I don’t really see why that matters to the question of whether or not the process occurring can be described as evolution.

Fair enough - although I’m still not sure we’re on the same page - if there were millions of candidate configurations, then the event that caused one of them to prevail is selection (doesn’t matter how insignificant were the selection criteria). Then it’s evolution. If the candidate configurations were self-replicating, then there will be variation, competition, selection.

I’m not really sure why people are hung up on the idea that evolution is a biological process. It just isn’t. It’s a process that happens to manifest in biological systems, but that doesn’t make it an exclusive property.

Any system is likely to exhibit evolution, if it has:
Self-replication of member entities (with inheritance, but with imperfect copying)
Some kind of selective pressure (limited resources, environmental conditions, etc)

That system can be a collection of biological organisms on an island, it can be algorithms in a computer, it can be chemicals (that we do not qualify as living organisms) in a pond.

If you dive down deep enough, biology is chemistry also, though in many aspect the chemistry part is abstracted out to allow us to examine a piece of it. But Watson and Crick’s work was more chemistry than biology.

The crucial question is: what is the simplest self-replicating molecule which we could expect to randomly form given the conditions of the early earth, and the ingredients to be found there? Once we have that, is there a plausible evolutionary path to more complex self-replicating molecules, and eventually to RNA. Clearly this is not what Darwin was thinking of, but if you consider evolution “descent with modifications” paired with some sort of selection, it falls in very nicely. That’s the wonder of evolution - the concept is so simple, yet so powerful that it could be applied to this also.
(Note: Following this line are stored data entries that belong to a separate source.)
(* Let $\mathcal{A}$ be a commutative $\sigma$-finite W*-algebra or a commutative AW*-algebra, and let $\mathcal{E}$ be a Hilbert C*-module over $\mathcal{A}$ of rank $d$. Let $\{\tau_j\}_{j=1}^n$ be a collection in $\mathcal{E}$ with $\langle\tau_j,\tau_j\rangle=1$ for all $1\leq j\leq n$. Then \[ n^2\geq \|\mathrm{MFP}(\{\tau_j\}_{j=1}^n)\|\geq \mathrm{MFP}(\{\tau_j\}_{j=1}^n)\geq \frac{n^2}{d}. \]
   Context: A W*-algebra is $\sigma$-finite if it contains at most countably many mutually orthogonal (nonzero) projections. A C*-algebra is an AW*-algebra if every set of orthogonal projections has a supremum and every maximal commutative self-adjoint subalgebra is generated by its projections. Such algebras are unital, with identity $1$. The $\mathcal{A}$-valued inner product on $\mathcal{E}$ is linear in the first variable and conjugate-linear in the second. $\mathcal{E}$ has rank $d$ if it has an orthonormal basis $\{\omega_j\}_{j=1}^d$, i.e. $\langle\omega_j,\omega_k\rangle=\delta_{jk}1$ and $x=\sum_{j=1}^d\langle x,\omega_j\rangle\omega_j$ for all $x$. The modular frame potential is $\mathrm{MFP}(\{\tau_j\}_{j=1}^n)=\sum_{j=1}^n\sum_{k=1}^n\langle \tau_j, \tau_k\rangle \langle \tau_k, \tau_j\rangle\in\mathcal{A}$. Inequalities between elements of $\mathcal{A}$ are in the order on self-adjoint elements, a real number $c$ being identified with $c\cdot1$; $\|\cdot\|$ is the C*-norm. *)

theory Defs
  imports "HOL-Analysis.Analysis"
begin
(* Let $\alpha>-1$ and let $\phi(w)=aw+b$ with $a>0$ and $\mathrm{Re}(b)\ge 0$. Then $C_\phi$ is absolutely Cesàro bounded on $\mathcal{A}^2_\alpha(\mathbb{C}_+)$ if and only if $a\ge 1$.
   Context: $\mathbb{N}$ denotes the positive integers. $\mathbb{C}_+=\{z\in\mathbb{C}:\mathrm{Re}(z)>0\}$. For $\alpha>-1$, $\mathcal{A}^2_\alpha(\mathbb{C}_+)$ is the Hilbert space of analytic $f:\mathbb{C}_+\to\mathbb{C}$ with $\|f\|^2=\frac{1}{\pi}\int_{-\infty}^{\infty}\int_0^\infty |f(x+iy)|^2x^\alpha\,dx\,dy<\infty$. $C_\phi f=f\circ\phi$ is the (bounded) composition operator. A bounded operator $T$ on a Banach space $X$ is absolutely Cesàro bounded if there is $M>0$ such that $\sup_{n\in\mathbb{N}}\frac{1}{n}\sum_{j=1}^n\|T^jx\|\le M\|x\|$ for all $x\in X$. *)

theory Defs
  imports "HOL-Analysis.Analysis"
begin

definition C_plus :: "complex set" where
  "C_plus = {z. Re z > 0}"

definition bergman_norm2 :: "real \<Rightarrow> (complex \<Rightarrow> complex) \<Rightarrow> ennreal" where
  "bergman_norm2 \<alpha> f =
     ennreal (1 / pi) *
     (\<integral>\<^sup>+ z. indicator C_plus z * ennreal ((cmod (f z))\<^sup>2 * (Re z) powr \<alpha>) \<partial>lborel)"

definition bergman_space :: "real \<Rightarrow> (complex \<Rightarrow> complex) set" where
  "bergman_space \<alpha> = {f. f holomorphic_on C_plus \<and> bergman_norm2 \<alpha> f < \<infinity>}"

definition bergman_norm :: "real \<Rightarrow> (complex \<Rightarrow> complex) \<Rightarrow> real" where
  "bergman_norm \<alpha> f = sqrt (enn2real (bergman_norm2 \<alpha> f))"

definition abs_cesaro_bounded ::
  "'a set \<Rightarrow> ('a \<Rightarrow> real) \<Rightarrow> ('a \<Rightarrow> 'a) \<Rightarrow> bool" where
  "abs_cesaro_bounded X nrm T \<longleftrightarrow>
     (\<exists>M>0. \<forall>x\<in>X. \<forall>n::nat. n \<ge> 1 \<longrightarrow>
        (1 / real n) * (\<Sum>j=1..n. nrm ((T ^^ j) x)) \<le> M * nrm x)"

definition comp_op :: "(complex \<Rightarrow> complex) \<Rightarrow> (complex \<Rightarrow> complex) \<Rightarrow> (complex \<Rightarrow> complex)" where
  "comp_op \<phi> f = f \<circ> \<phi>"

end

theory Submission
  imports Defs "HOL-Complex_Analysis.Complex_Analysis" "HOL-Probability.Sinc_Integral"
begin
The Teaching Company has a lecture series on the origins of life that was pretty well done. The lecturer (Hazen, I think his last name was) explained in pretty good detail all of the current theories that people have come up with about the origin of life, complete with a discussion of their strengths, weaknesses, and an assessment of how much or how little experimental evidence there is, and what experiments were being planned. Well worth a listen, if you can get ahold of it.
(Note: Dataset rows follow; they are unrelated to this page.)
lemma Gamma_mult_le_Gamma_add:
  fixes x y :: real
  assumes x: "x \<ge> 1" and y: "y \<ge> 1"
  shows "Gamma x * Gamma y \<le> Gamma (x + y)"
proof -
  define S where "S = x + y - 1"
  define f where "f = (ln \<circ> Gamma :: real \<Rightarrow> real)"
  have convex: "convex_on {0<..} f" unfolding f_def by (rule log_convex_Gamma_real)
  have f1: "f 1 = 0" by (simp add: f_def)
  have S: "S \<ge> 1" using x y by (simp add: S_def)
  have "f x + f y \<le> f S"
  proof (cases "S = 1")
    case True
    then have "x = 1" "y = 1" using x y S_def by auto
    then show ?thesis using True f1 by simp
  next
    case False
    define t where "t = (x - 1) / (S - 1)"
    have t: "0 \<le> t" "t \<le> 1" using x y False S by (auto simp: t_def S_def field_simps)
    have "t * (S - 1) = x - 1" using False by (simp add: t_def)
    then have x_conv: "x = (1 - t) *\<^sub>R 1 + t *\<^sub>R S"
      and y_conv: "y = (1 - (1 - t)) *\<^sub>R 1 + (1 - t) *\<^sub>R S"
      by (simp_all add: S_def algebra_simps)
    have "f x \<le> (1 - t) * f 1 + t * f S"
      unfolding x_conv by (rule convex_onD[OF convex]) (use t S in auto)
    moreover have "f y \<le> (1 - (1 - t)) * f 1 + (1 - t) * f S"
      unfolding y_conv by (rule convex_onD[OF convex]) (use t S in auto)
    ultimately show ?thesis using f1 by (simp add: algebra_simps)
  qed
  then have "exp (f x + f y) \<le> exp (f S)" by simp
  then have "Gamma x * Gamma y \<le> Gamma S"
    using x y S by (simp add: f_def exp_add)
  also have "\<dots> \<le> S * Gamma S" using S Gamma_real_pos[of S] by simp
  also have "\<dots> = Gamma (x + y)" using Gamma_plus1_real[of S] S by (simp add: S_def)
  finally show ?thesis .
qed

lemma Gamma_add_nat_le:
  fixes x :: real
  assumes "x > 0"
  shows "Gamma (x + real D) \<le> (x + real D) ^ D * Gamma x"
proof (induction D)
  case (Suc D)
  have "Gamma (x + real (Suc D)) = (x + real D) * Gamma (x + real D)"
    using Gamma_plus1_real[of "x + real D"] assms by (simp add: add_ac)
  also have "\<dots> \<le> (x + real (Suc D)) * ((x + real (Suc D)) ^ D * Gamma x)"
    using Suc assms Gamma_real_pos[of x]
    by (intro mult_mono order.trans[OF Suc] mult_right_mono power_mono) auto
  finally show ?case by simp
qed simp

lemma power_le_power_mult_exp:
  fixes y :: real
  assumes "y \<ge> 0"
  shows "y ^ D \<le> real D ^ D * exp y"
proof (cases "D = 0")
  case False
  have "y / real D \<le> exp (y / real D)" using exp_ge_add_one_self[of "y / real D"] by linarith
  then have "(y / real D) ^ D \<le> exp (y / real D) ^ D" using assms by (intro power_mono) auto
  also have "\<dots> = exp y" using False by (simp flip: exp_of_nat_mult)
  finally show ?thesis using False by (simp add: power_divide field_simps)
qed (use assms in simp)

lemma square_plus_one_le_exp:
  fixes s :: real
  assumes "s \<ge> -1"
  shows "(s + 1)^2 \<le> 4 * exp s"
proof -
  have "s + 1 \<le> 2 * exp (s/2)" using exp_ge_add_one_self[of "s/2"] by linarith
  then have "(s + 1)^2 \<le> (2 * exp (s/2))^2" using assms by (intro power_mono) auto
  also have "\<dots> = 4 * exp s" by (simp add: power2_eq_square flip: exp_add)
  finally show ?thesis .
qed

lemma power_le_power_mult_powr:
  fixes b s :: real
  assumes "b \<ge> 1" "real m \<le> s + real M"
  shows "b ^ m \<le> b ^ M * b powr s"
proof -
  have "b ^ m = b powr real m" using assms by (simp add: powr_realpow)
  also have "\<dots> \<le> b powr (s + real M)" using assms by (intro powr_mono) auto
  also have "\<dots> = b ^ M * b powr s" using assms by (simp add: powr_add powr_realpow)
  finally show ?thesis .
qed

lemma one_plus_power_le:
  fixes X :: real
  assumes "X \<ge> 0"
  shows "(1 + X) ^ m \<le> 2 ^ m * (1 + X ^ m)"
proof (cases "X \<le> 1")
  case True
  then have "(1 + X) ^ m \<le> 2 ^ m" using assms by (intro power_mono) auto
  also have "\<dots> \<le> 2 ^ m * (1 + X ^ m)" using assms by simp
  finally show ?thesis .
next
  case False
  then have "(1 + X) ^ m \<le> (2 * X) ^ m" using assms by (intro power_mono) auto
  also have "\<dots> \<le> 2 ^ m * (1 + X ^ m)" by (simp add: power_mult_distrib)
  finally show ?thesis .
qed

lemma Gamma_mult_Gamma_le_shift:
  fixes \<rho> s :: real and a m M :: nat
  assumes \<rho>: "\<rho> \<ge> 1" and s: "s \<ge> 0" and a: "a \<ge> 2" and m: "real m \<le> s + real M"
  defines "D \<equiv> nat \<lceil>\<rho> * (real M + 2)\<rceil>"
  shows "Gamma ((\<rho> - 1) * real a + 1) * Gamma (\<rho> * real m + 1) \<le>
    real D ^ D * exp (real D + 1) * exp (\<rho> * s) * exp \<rho> ^ a *
    Gamma (\<rho> * s + (\<rho> - 1) * (real a - 2) + 1)"
proof -
  define z where "z = \<rho> * s + (\<rho> - 1) * (real a - 2) + 1"
  have z: "z \<ge> 1" using \<rho> s a by (simp add: z_def)
  have D: "real D \<ge> \<rho> * (real M + 2)" unfolding D_def by linarith
  have "Gamma ((\<rho> - 1) * real a + 1) * Gamma (\<rho> * real m + 1) \<le>
      Gamma ((\<rho> - 1) * real a + 1 + (\<rho> * real m + 1))"
    by (rule Gamma_mult_le_Gamma_add) (use \<rho> in auto)
  also have "\<dots> \<le> Gamma (z + real D)"
  proof (rule Gamma_mono_real)
    have "\<rho> * real m \<le> \<rho> * (s + real M)" using m \<rho> by (intro mult_left_mono) auto
    then show "(\<rho> - 1) * real a + 1 + (\<rho> * real m + 1) \<le> z + real D"
      using D \<rho> by (simp add: z_def algebra_simps)
  qed (use \<rho> in simp)
  also have "\<dots> \<le> (z + real D) ^ D * Gamma z" using z by (intro Gamma_add_nat_le) auto
  also have "\<dots> \<le> real D ^ D * exp (z + real D) * Gamma z"
    using z by (intro mult_right_mono power_le_power_mult_exp) auto
  also have "exp (z + real D) \<le> exp (real D + 1) * exp (\<rho> * s) * exp \<rho> ^ a"
  proof -
    have "z + real D \<le> real D + 1 + \<rho> * s + real a * \<rho>" using \<rho> a by (simp add: z_def algebra_simps)
    then show ?thesis by (simp flip: exp_add exp_of_nat_mult)
  qed
  then have "real D ^ D * exp (z + real D) * Gamma z \<le>
      real D ^ D * (exp (real D + 1) * exp (\<rho> * s) * exp \<rho> ^ a) * Gamma z"
    using z by (intro mult_right_mono mult_left_mono) auto
  finally show ?thesis by (simp add: z_def mult_ac)
qed

lemma weighted_Gamma_product_le:
  fixes \<rho> s b :: real and a m M :: nat
  assumes \<rho>: "\<rho> \<ge> 1" and s: "s \<ge> 0" and a: "a \<ge> 2" and b: "b \<ge> 1" and m: "real m \<le> s + real M"
  defines "D \<equiv> nat \<lceil>\<rho> * (real M + 2)\<rceil>"
  shows "(s + 1)^2 * b ^ m * (Gamma ((\<rho> - 1) * real a + 1) * Gamma (\<rho> * real m + 1)) \<le>
    4 * real D ^ D * exp (real D + 1) * exp \<rho> * b ^ M * (exp (1 + \<rho>) * b) powr s *
    exp \<rho> ^ (a - 1) * Gamma (\<rho> * s + (\<rho> - 1) * (real a - 2) + 1)"
proof -
  define Gz where "Gz = Gamma (\<rho> * s + (\<rho> - 1) * (real a - 2) + 1)"
  define G where "G = Gamma ((\<rho> - 1) * real a + 1) * Gamma (\<rho> * real m + 1)"
  have "G \<ge> 0"
    unfolding G_def using \<rho> by (intro mult_nonneg_nonneg less_imp_le Gamma_real_pos) (auto simp: add_nonneg_pos)
  have weight: "(s + 1)^2 * b ^ m \<le> (4 * exp s) * (b ^ M * b powr s)"
    using square_plus_one_le_exp[of s] power_le_power_mult_powr[OF b m] s b by (intro mult_mono) auto
  have Gamma_product: "G \<le> real D ^ D * exp (real D + 1) * exp (\<rho> * s) * exp \<rho> ^ a * Gz"
    unfolding G_def Gz_def D_def by (rule Gamma_mult_Gamma_le_shift[OF \<rho> s a m])
  have "(s + 1)^2 * b ^ m * G \<le>
      (4 * exp s) * (b ^ M * b powr s) * (real D ^ D * exp (real D + 1) * exp (\<rho> * s) * exp \<rho> ^ a * Gz)"
    by (rule mult_mono[OF weight Gamma_product]) (use \<open>G \<ge> 0\<close> b in auto)
  also have "\<dots> = 4 * real D ^ D * exp (real D + 1) * exp \<rho> * b ^ M * (exp (1 + \<rho>) * b) powr s *
      exp \<rho> ^ (a - 1) * Gz"
  proof -
    have "exp \<rho> ^ a = exp \<rho> * exp \<rho> ^ (a - 1)" using a by (simp flip: power_Suc)
    moreover have "exp (1 + \<rho>) powr s = exp s * exp (\<rho> * s)"
      by (simp add: powr_def algebra_simps flip: exp_add)
    ultimately show ?thesis using b by (simp add: powr_mult mult_ac)
  qed
  finally show ?thesis unfolding G_def Gz_def .
qed

lemma integral_cbox_split_component:
  fixes f :: "real^'n \<Rightarrow> 'b::banach"
  assumes "f integrable_on cbox a b"
  shows "integral (cbox a b) f =
    integral (cbox a b \<inter> {x. x$k \<le> c}) f + integral (cbox a b \<inter> {x. x$k \<ge> c}) f"
proof -
  have k: "axis k (1::real) \<in> Basis" by simp
  have "\<And>x::real^'n. x \<bullet> axis k 1 = x$k" by (simp add: inner_axis)
  then have "(f has_integral (integral (cbox a b \<inter> {x. x$k \<le> c}) f + integral (cbox a b \<inter> {x. x$k \<ge> c}) f))
      (cbox a b)"
    using has_integral_split[OF _ _ k, of f _ a b c] integrable_split[OF assms k, of c]
    by (auto intro: integrable_integral)
  then show ?thesis by (rule integral_unique)
qed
What it certainly would be fair to say is that the origins of life cannot be explained in terms of the detailed mechanisms (genes, etc) that make biological evolution happen in living systems - because the details are different, even if the principles are the same.
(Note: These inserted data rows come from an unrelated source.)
(* stepsize w t i is gamma_t^i; mean_gain, mean_opt_gap and drift are A_t, B_t and R_t of the proof
   idea, and dist_sq is e_t. *)
definition "stepsize w t i =
  sps_step c gb (F i (iterate w t i) (w (t, i))) (l i) (G i (iterate w t i) (w (t, i)))"
definition "update w t i = stepsize w t i *\<^sub>R G i (iterate w t i) (w (t, i))"
definition "sample_gap w t i = F i (iterate w t i) (w (t, i)) - l i"
definition "gain w t i = stepsize w t i * sample_gap w t i"
definition "opt_gap w t i = F i xstar (w (t, i)) - l i"
definition "mean_gain w t = (\<Sum>i<n. gain w t i) / n"
definition "mean_opt_gap w t = (\<Sum>i<n. opt_gap w t i) / n"
definition "dist_sq w t = (norm (mean_iterate w t - xstar))\<^sup>2"
definition "drift w t = (\<Sum>i<n. (norm (mean_iterate w t - iterate w t i))\<^sup>2) / n"
definition "last_sync t = tau * (t div tau)"

lemma n_real_pos: "real n > 0"
  using n_pos by simp

lemma alpha_pos: "alpha > 0"
  using sps_min_step_pos c_pos gb_pos L_nonneg .

lemma mu_le_L: "regular i \<xi> \<Longrightarrow> mu \<le> L"
  unfolding regular_def by (auto intro: strong_convexity_le_lipschitz_gradient)

lemma regular_step_bounds:
  assumes "regular i (w (t, i))"
  shows "alpha \<le> stepsize w t i" "stepsize w t i \<le> gb" "0 \<le> sample_gap w t i"
    "0 \<le> opt_gap w t i" "(norm (update w t i))\<^sup>2 \<le> gain w t i / c"
proof -
  have der: "\<And>x. ((\<lambda>z. F i z (w (t, i))) has_derivative (\<lambda>h. G i x (w (t, i)) \<bullet> h)) (at x)"
    and lip: "\<And>x y. norm (G i y (w (t, i)) - G i x (w (t, i))) \<le> L * norm (x - y)"
    and lower: "\<And>x. l i \<le> F i x (w (t, i))"
    using assms by (simp_all add: regular_def)
  have "(norm (G i (iterate w t i) (w (t, i))))\<^sup>2 \<le> 2 * L * (F i (iterate w t i) (w (t, i)) - l i)"
    by (rule lipschitz_gradient_norm_sq_le[OF der lip L_nonneg lower])
  note sps = sps_step_bounds[OF c_pos gb_pos L_nonneg lower this, folded stepsize_def]
  show "alpha \<le> stepsize w t i" "stepsize w t i \<le> gb"
    using sps by simp_all
  show "0 \<le> sample_gap w t i" "0 \<le> opt_gap w t i"
    using lower by (simp_all add: sample_gap_def opt_gap_def)
  have "(norm (update w t i))\<^sup>2
      = stepsize w t i * (stepsize w t i * (norm (G i (iterate w t i) (w (t, i))))\<^sup>2)"
    by (simp add: update_def power_mult_distrib power2_eq_square)
  also have "\<dots> \<le> stepsize w t i * (sample_gap w t i / c)"
    using sps alpha_pos by (intro mult_left_mono) (auto simp: sample_gap_def)
  finally show "(norm (update w t i))\<^sup>2 \<le> gain w t i / c"
    by (simp add: gain_def)
qed

lemma regular_gain_bounds:
  assumes "regular i (w (t, i))"
  shows "alpha * sample_gap w t i \<le> gain w t i" "0 \<le> gain w t i"
  using regular_step_bounds[where w=w and t=t and i=i, OF assms] alpha_pos
  by (auto simp: gain_def intro: mult_right_mono order_trans[OF less_imp_le])

lemma iterate_Suc:
  "iterate w (Suc t) =
    (if tau dvd Suc t then (\<lambda>i. (1 / real n) *\<^sub>R (\<Sum>j<n. iterate w t j - update w t j))
     else (\<lambda>j. iterate w t j - update w t j))"
  by (simp add: update_def stepsize_def Let_def)

lemma mean_iterate_0: "mean_iterate w 0 = x0"
  using n_real_pos by (simp add: fedsps_avg_def sum_constant_scaleR)

lemma mean_iterate_Suc:
  "mean_iterate w (Suc t) = mean_iterate w t - (1 / real n) *\<^sub>R (\<Sum>i<n. update w t i)"
  using n_real_pos
  by (simp add: fedsps_avg_def iterate_Suc sum_subtractf scaleR_diff_right sum_constant_scaleR
      del: fedsps.simps)

lemma iterate_eq_if_samples_agree:
  "(\<And>k j. k < t \<Longrightarrow> w (k, j) = w' (k, j)) \<Longrightarrow> iterate w t = iterate w' t"
proof (induction t)
  case (Suc t)
  then show ?case by (simp add: Let_def)
qed simp

lemma last_sync_le: "last_sync t \<le> t"
  by (simp add: last_sync_def)

lemma less_last_sync_add: "t < last_sync t + tau"
proof -
  have "last_sync t + t mod tau = t"
    using div_mult_mod_eq[of t tau] by (simp add: last_sync_def mult.commute)
  moreover have "t mod tau < tau" using tau_pos by simp
  ultimately show ?thesis by linarith
qed

lemma iterate_eq_last_sync:
  "iterate w t i = mean_iterate w (last_sync t) - (\<Sum>k\<in>{last_sync t..<t}. update w k i)"
proof (induction t arbitrary: i)
  case 0
  show ?case by (simp add: last_sync_def mean_iterate_0)
next
  case (Suc t)
  show ?case
  proof (cases "tau dvd Suc t")
    case True
    then have "last_sync (Suc t) = Suc t" by (simp add: last_sync_def)
    then show ?thesis
      using True n_real_pos
      by (simp add: fedsps_avg_def iterate_Suc sum_constant_scaleR del: fedsps.simps)
  next
    case False
    then have "Suc t div tau = t div tau"
      by (simp add: div_Suc dvd_eq_mod_eq_0)
    then have sync: "last_sync (Suc t) = last_sync t" by (simp add: last_sync_def)
    have "{last_sync t..<Suc t} = insert t {last_sync t..<t}"
      using last_sync_le[of t] by auto
    then show ?thesis
      using False Suc.IH[of i] by (simp add: sync iterate_Suc del: fedsps.simps)
  qed
qed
Evolution requires that traits be inherited by offspring. The mechanism for handing down those traits is DNA or RNA molecules, which you don’t have if you don’t already have life.

That’s just a matter of how you define it.

That’s how they are passed down now; but it is possible that the first entities we might recognize as life might not have had them.

Actually early spark tube experiments showed that 20 amino acids could be created from inorganic precursors. We also know that comets, which rain down on us quite frequently, have all sorts of organic compounds pre-made.

If evolution is just the creation of traits that encourage survival it should. My understanding of both replicator first and metabolism first origin of life theories is that some replicators and/or metabolisms were better at it than others, and became more prevalent. Dawkins made his intro to his book the selfish gene a story about how he felt this occured in a replicator first model.

But you still have the question about when, where and how the first replicators and metabolisms showed up.

Personally I wonder if both metabolisms and replicators occured simultaneously and just merged together into one organism and eventually became prokaryotes (rather than a replicator inventing a metabolism or vice versa). Eukaryotes are supposedly just independent prokaryotes that merged, and multi-celled organisms are eukaryotes that merged. So I wouldn’t be surprised.

If we’re all just reacting - heck, if our bodies are just nuclear waste - then what? Where’s the original reaction? That’s what Creationists can’t grasp. No one can. It’s called prehistory for a reason. It isn’t even a rational thought, really.